→ **EXERCISE DESCRIPTION**:
Output only the lines below that start at the line containing "using a[of n] by simp" and end at the line containing "using Rd fps_conv_radius_mult[of", with both ends kept.

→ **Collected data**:

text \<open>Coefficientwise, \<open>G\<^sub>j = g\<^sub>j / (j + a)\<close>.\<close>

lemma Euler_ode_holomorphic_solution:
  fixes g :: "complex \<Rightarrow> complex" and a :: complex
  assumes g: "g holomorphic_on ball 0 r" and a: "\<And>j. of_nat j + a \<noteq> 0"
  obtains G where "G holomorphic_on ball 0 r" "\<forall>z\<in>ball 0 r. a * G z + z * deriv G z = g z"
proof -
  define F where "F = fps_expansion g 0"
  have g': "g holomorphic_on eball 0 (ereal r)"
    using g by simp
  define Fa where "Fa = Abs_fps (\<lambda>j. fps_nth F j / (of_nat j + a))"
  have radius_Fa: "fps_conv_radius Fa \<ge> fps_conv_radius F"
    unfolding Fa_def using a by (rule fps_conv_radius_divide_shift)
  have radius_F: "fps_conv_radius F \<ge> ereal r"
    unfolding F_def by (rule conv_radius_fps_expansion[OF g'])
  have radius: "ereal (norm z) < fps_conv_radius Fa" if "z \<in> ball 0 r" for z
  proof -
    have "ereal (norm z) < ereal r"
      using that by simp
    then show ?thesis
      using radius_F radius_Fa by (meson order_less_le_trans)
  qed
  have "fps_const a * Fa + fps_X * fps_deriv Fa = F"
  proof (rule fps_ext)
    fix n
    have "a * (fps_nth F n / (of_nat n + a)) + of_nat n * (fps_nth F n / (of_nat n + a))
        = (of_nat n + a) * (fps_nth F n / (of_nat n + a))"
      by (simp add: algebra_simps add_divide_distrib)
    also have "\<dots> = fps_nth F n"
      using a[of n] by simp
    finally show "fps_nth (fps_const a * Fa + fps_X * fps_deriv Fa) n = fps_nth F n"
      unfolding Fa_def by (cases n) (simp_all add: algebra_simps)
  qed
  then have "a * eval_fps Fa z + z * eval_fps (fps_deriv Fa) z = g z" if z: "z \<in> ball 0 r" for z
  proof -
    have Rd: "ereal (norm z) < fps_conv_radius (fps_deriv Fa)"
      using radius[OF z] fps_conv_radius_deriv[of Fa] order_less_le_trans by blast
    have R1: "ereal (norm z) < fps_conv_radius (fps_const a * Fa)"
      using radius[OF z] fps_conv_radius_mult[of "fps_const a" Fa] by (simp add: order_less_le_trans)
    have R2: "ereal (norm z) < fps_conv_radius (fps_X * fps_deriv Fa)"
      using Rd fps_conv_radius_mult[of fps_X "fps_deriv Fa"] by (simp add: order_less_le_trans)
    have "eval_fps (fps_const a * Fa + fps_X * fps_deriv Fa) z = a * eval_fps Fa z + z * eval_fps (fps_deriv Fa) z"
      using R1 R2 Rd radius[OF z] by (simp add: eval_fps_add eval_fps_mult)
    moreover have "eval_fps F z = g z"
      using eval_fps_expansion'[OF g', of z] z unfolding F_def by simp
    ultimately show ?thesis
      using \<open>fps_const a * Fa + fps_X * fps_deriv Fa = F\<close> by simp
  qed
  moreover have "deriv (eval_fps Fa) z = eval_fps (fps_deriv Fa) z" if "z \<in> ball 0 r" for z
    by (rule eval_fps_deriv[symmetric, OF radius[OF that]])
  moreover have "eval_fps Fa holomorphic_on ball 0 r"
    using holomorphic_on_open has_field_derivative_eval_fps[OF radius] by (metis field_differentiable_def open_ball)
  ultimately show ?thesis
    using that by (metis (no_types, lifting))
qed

--

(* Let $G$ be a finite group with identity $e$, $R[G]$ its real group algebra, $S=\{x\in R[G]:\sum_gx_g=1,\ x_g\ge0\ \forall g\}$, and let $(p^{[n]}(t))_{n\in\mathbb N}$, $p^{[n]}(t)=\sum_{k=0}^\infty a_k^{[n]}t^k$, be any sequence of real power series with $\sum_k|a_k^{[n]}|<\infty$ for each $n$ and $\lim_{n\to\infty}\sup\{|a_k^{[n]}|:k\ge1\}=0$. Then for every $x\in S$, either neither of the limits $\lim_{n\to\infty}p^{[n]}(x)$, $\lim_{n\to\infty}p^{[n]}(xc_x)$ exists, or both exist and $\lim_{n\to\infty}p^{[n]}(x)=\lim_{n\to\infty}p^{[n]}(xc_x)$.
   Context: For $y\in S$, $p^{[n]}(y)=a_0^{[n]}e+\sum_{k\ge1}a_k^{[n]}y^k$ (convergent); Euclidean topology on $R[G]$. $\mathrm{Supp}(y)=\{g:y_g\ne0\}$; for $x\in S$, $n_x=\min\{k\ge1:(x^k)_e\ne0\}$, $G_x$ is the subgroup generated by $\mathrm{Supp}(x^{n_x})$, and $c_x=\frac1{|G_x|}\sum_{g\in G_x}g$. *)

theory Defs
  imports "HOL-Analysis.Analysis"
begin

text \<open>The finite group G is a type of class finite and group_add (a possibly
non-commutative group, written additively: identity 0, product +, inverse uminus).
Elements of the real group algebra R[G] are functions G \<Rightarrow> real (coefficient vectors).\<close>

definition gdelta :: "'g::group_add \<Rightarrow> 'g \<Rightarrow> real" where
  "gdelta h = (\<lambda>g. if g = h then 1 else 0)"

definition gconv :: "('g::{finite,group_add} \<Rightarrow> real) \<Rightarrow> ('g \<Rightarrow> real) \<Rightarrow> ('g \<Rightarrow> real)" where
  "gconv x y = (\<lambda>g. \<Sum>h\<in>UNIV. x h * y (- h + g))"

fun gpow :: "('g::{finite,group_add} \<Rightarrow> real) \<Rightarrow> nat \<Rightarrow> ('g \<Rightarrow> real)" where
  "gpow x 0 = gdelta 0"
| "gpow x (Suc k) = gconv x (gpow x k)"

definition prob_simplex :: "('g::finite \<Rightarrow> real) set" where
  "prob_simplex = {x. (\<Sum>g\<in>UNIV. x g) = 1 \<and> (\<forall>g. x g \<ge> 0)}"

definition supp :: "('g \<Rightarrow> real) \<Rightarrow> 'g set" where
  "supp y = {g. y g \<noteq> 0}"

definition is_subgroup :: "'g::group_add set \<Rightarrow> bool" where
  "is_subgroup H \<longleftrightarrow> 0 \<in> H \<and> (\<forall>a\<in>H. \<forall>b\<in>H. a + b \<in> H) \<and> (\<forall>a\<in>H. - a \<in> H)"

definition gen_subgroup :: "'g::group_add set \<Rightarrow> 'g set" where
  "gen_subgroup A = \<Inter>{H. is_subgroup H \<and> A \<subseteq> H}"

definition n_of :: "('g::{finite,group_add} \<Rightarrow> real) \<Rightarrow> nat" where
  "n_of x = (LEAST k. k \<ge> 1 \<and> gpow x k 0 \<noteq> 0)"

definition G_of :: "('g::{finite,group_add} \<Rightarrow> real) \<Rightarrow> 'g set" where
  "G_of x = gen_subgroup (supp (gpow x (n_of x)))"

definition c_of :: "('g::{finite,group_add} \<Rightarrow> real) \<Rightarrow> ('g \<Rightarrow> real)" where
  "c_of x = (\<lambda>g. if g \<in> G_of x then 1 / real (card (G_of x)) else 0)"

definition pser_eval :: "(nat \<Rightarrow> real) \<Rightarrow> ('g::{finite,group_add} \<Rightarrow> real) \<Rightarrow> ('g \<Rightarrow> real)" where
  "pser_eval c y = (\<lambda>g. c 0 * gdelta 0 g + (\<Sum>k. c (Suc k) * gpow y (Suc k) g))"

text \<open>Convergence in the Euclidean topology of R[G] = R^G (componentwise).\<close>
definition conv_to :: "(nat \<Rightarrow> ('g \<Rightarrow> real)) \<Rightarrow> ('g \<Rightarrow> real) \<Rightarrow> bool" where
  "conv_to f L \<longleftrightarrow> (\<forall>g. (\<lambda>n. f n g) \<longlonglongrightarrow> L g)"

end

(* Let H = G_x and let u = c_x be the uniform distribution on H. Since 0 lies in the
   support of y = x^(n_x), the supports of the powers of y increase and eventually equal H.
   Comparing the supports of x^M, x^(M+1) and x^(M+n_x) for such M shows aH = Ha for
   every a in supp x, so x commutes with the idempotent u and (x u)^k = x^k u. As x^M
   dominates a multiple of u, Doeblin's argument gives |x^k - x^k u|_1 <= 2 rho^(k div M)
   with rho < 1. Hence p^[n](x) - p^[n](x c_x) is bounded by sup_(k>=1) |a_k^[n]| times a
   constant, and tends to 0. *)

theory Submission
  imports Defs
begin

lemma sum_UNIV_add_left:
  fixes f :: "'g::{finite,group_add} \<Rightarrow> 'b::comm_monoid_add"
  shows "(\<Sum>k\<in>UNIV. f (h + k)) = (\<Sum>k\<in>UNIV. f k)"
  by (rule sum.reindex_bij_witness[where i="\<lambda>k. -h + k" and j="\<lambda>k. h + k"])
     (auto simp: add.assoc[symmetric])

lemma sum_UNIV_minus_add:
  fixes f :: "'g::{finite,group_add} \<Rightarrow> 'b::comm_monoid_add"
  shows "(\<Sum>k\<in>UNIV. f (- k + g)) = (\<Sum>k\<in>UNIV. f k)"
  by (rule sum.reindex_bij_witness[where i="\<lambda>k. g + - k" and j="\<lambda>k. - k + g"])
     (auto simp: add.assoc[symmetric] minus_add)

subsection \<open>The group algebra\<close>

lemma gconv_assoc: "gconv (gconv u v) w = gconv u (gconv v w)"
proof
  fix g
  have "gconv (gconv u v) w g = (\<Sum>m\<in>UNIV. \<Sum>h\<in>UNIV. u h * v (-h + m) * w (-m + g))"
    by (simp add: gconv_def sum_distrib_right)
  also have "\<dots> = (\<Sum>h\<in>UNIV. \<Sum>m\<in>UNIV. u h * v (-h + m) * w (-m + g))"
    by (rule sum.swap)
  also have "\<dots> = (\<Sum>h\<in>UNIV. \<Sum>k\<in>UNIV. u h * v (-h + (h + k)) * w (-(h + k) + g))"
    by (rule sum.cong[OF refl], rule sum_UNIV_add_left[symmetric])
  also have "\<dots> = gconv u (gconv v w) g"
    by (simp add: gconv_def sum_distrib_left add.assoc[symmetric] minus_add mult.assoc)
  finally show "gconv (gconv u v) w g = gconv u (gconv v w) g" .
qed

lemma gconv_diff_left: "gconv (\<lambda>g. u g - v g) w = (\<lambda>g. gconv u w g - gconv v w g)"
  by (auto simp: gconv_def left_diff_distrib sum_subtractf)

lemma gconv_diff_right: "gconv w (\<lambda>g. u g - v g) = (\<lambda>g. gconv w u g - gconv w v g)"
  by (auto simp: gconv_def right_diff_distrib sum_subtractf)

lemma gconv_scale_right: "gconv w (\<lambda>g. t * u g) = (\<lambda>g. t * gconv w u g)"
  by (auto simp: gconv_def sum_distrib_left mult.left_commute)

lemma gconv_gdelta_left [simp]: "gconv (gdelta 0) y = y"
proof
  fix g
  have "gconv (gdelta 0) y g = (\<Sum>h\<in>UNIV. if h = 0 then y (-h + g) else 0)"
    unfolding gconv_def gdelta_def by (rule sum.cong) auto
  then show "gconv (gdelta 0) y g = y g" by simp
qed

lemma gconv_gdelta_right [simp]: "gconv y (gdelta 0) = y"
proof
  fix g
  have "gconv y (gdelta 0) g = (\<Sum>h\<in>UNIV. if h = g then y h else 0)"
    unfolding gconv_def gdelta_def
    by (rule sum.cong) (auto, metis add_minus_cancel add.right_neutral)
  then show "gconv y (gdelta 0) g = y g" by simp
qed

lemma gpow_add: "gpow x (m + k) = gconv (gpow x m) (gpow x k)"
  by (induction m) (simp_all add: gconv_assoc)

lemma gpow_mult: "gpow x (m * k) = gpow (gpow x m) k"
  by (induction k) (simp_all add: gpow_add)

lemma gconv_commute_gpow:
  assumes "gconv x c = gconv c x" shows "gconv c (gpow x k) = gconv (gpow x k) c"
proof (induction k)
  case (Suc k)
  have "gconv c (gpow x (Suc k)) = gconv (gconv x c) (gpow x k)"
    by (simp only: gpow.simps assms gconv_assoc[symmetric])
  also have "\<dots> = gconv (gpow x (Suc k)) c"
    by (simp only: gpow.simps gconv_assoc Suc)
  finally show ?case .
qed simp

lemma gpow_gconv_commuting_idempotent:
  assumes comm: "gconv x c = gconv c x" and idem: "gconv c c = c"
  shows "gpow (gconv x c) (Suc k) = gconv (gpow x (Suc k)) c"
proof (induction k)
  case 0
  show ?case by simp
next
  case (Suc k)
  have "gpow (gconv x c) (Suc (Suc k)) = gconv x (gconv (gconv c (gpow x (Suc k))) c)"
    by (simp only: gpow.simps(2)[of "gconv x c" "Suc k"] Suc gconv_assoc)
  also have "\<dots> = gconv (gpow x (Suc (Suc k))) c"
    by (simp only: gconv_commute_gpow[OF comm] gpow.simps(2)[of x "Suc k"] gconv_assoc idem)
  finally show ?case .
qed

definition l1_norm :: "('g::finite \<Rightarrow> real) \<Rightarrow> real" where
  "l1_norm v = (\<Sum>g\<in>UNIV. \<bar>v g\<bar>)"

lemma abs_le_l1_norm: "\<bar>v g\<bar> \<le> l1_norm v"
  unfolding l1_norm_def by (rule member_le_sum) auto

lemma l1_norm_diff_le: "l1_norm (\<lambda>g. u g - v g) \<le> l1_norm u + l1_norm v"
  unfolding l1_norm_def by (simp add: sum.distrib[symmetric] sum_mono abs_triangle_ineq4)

→ **RESULT**:
      using a[of n] by simp
    finally show "fps_nth (fps_const a * Fa + fps_X * fps_deriv Fa) n = fps_nth F n"
      unfolding Fa_def by (cases n) (simp_all add: algebra_simps)
  qed
  then have "a * eval_fps Fa z + z * eval_fps (fps_deriv Fa) z = g z" if z: "z \<in> ball 0 r" for z
  proof -
    have Rd: "ereal (norm z) < fps_conv_radius (fps_deriv Fa)"
      using radius[OF z] fps_conv_radius_deriv[of Fa] order_less_le_trans by blast
    have R1: "ereal (norm z) < fps_conv_radius (fps_const a * Fa)"
      using radius[OF z] fps_conv_radius_mult[of "fps_const a" Fa] by (simp add: order_less_le_trans)
    have R2: "ereal (norm z) < fps_conv_radius (fps_X * fps_deriv Fa)"
      using Rd fps_conv_radius_mult[of fps_X "fps_deriv Fa"] by (simp add: order_less_le_trans)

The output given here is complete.